» Task instructions
Of all the lines below, return only those starting with the line holding "[0,0,1,1,0,1,0,0,0]] ! i" and going on through the line holding "[0,0,0,0,0,0,1,0,1,0,0],[0,0,0,0,1,0,0,0,0,1,0]] ! i", exactly as written.

» Records shown
▼

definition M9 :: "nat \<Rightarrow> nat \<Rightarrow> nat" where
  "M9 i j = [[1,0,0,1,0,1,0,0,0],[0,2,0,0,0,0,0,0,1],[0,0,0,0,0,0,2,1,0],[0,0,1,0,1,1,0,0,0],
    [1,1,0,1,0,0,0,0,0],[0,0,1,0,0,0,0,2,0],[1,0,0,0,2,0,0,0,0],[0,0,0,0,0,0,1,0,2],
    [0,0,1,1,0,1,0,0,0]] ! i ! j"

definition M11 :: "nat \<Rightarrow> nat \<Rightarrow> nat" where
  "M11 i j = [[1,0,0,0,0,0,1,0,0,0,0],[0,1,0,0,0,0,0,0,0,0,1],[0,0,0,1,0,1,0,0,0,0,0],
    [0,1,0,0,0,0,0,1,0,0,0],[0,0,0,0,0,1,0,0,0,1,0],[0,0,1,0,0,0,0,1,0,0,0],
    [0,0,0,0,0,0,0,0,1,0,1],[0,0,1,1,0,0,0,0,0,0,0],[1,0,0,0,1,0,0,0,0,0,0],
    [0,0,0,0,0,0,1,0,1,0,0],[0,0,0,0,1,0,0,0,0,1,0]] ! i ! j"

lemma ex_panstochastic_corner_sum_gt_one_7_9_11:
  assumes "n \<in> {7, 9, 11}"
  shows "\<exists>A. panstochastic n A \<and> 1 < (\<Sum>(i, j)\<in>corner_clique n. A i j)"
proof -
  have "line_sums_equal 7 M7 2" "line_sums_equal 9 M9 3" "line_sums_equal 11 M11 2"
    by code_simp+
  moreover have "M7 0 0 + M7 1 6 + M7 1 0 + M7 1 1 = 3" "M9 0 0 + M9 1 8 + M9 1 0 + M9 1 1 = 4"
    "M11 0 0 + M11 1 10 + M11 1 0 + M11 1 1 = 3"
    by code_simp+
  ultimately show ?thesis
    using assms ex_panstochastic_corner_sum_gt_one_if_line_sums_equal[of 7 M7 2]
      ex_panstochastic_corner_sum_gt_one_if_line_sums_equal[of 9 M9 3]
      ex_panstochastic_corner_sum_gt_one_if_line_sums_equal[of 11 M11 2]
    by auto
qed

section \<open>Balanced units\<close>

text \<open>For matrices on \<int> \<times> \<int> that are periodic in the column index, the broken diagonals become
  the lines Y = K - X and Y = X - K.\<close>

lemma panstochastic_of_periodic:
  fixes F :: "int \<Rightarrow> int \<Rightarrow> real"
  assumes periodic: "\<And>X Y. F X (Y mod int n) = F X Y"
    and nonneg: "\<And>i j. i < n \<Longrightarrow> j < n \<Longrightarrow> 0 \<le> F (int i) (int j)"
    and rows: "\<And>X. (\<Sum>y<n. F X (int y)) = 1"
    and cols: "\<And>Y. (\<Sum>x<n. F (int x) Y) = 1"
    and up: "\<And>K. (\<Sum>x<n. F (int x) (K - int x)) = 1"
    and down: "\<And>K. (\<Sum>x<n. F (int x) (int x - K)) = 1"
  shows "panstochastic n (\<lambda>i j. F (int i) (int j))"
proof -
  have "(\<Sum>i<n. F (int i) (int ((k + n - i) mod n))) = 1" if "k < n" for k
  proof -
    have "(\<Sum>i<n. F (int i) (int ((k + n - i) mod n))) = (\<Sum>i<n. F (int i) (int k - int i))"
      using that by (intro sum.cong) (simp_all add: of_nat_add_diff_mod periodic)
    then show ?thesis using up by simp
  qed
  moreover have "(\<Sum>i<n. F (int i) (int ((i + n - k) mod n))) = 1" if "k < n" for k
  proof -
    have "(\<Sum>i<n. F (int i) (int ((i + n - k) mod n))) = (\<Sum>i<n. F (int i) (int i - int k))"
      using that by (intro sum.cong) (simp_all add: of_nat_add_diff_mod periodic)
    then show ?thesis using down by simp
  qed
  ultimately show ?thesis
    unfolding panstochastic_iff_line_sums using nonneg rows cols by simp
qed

▲

» Problem solution
    [0,0,1,1,0,1,0,0,0]] ! i ! j"

definition M11 :: "nat \<Rightarrow> nat \<Rightarrow> nat" where
  "M11 i j = [[1,0,0,0,0,0,1,0,0,0,0],[0,1,0,0,0,0,0,0,0,0,1],[0,0,0,1,0,1,0,0,0,0,0],
    [0,1,0,0,0,0,0,1,0,0,0],[0,0,0,0,0,1,0,0,0,1,0],[0,0,1,0,0,0,0,1,0,0,0],
    [0,0,0,0,0,0,0,0,1,0,1],[0,0,1,1,0,0,0,0,0,0,0],[1,0,0,0,1,0,0,0,0,0,0],
    [0,0,0,0,0,0,1,0,1,0,0],[0,0,0,0,1,0,0,0,0,1,0]] ! i ! j"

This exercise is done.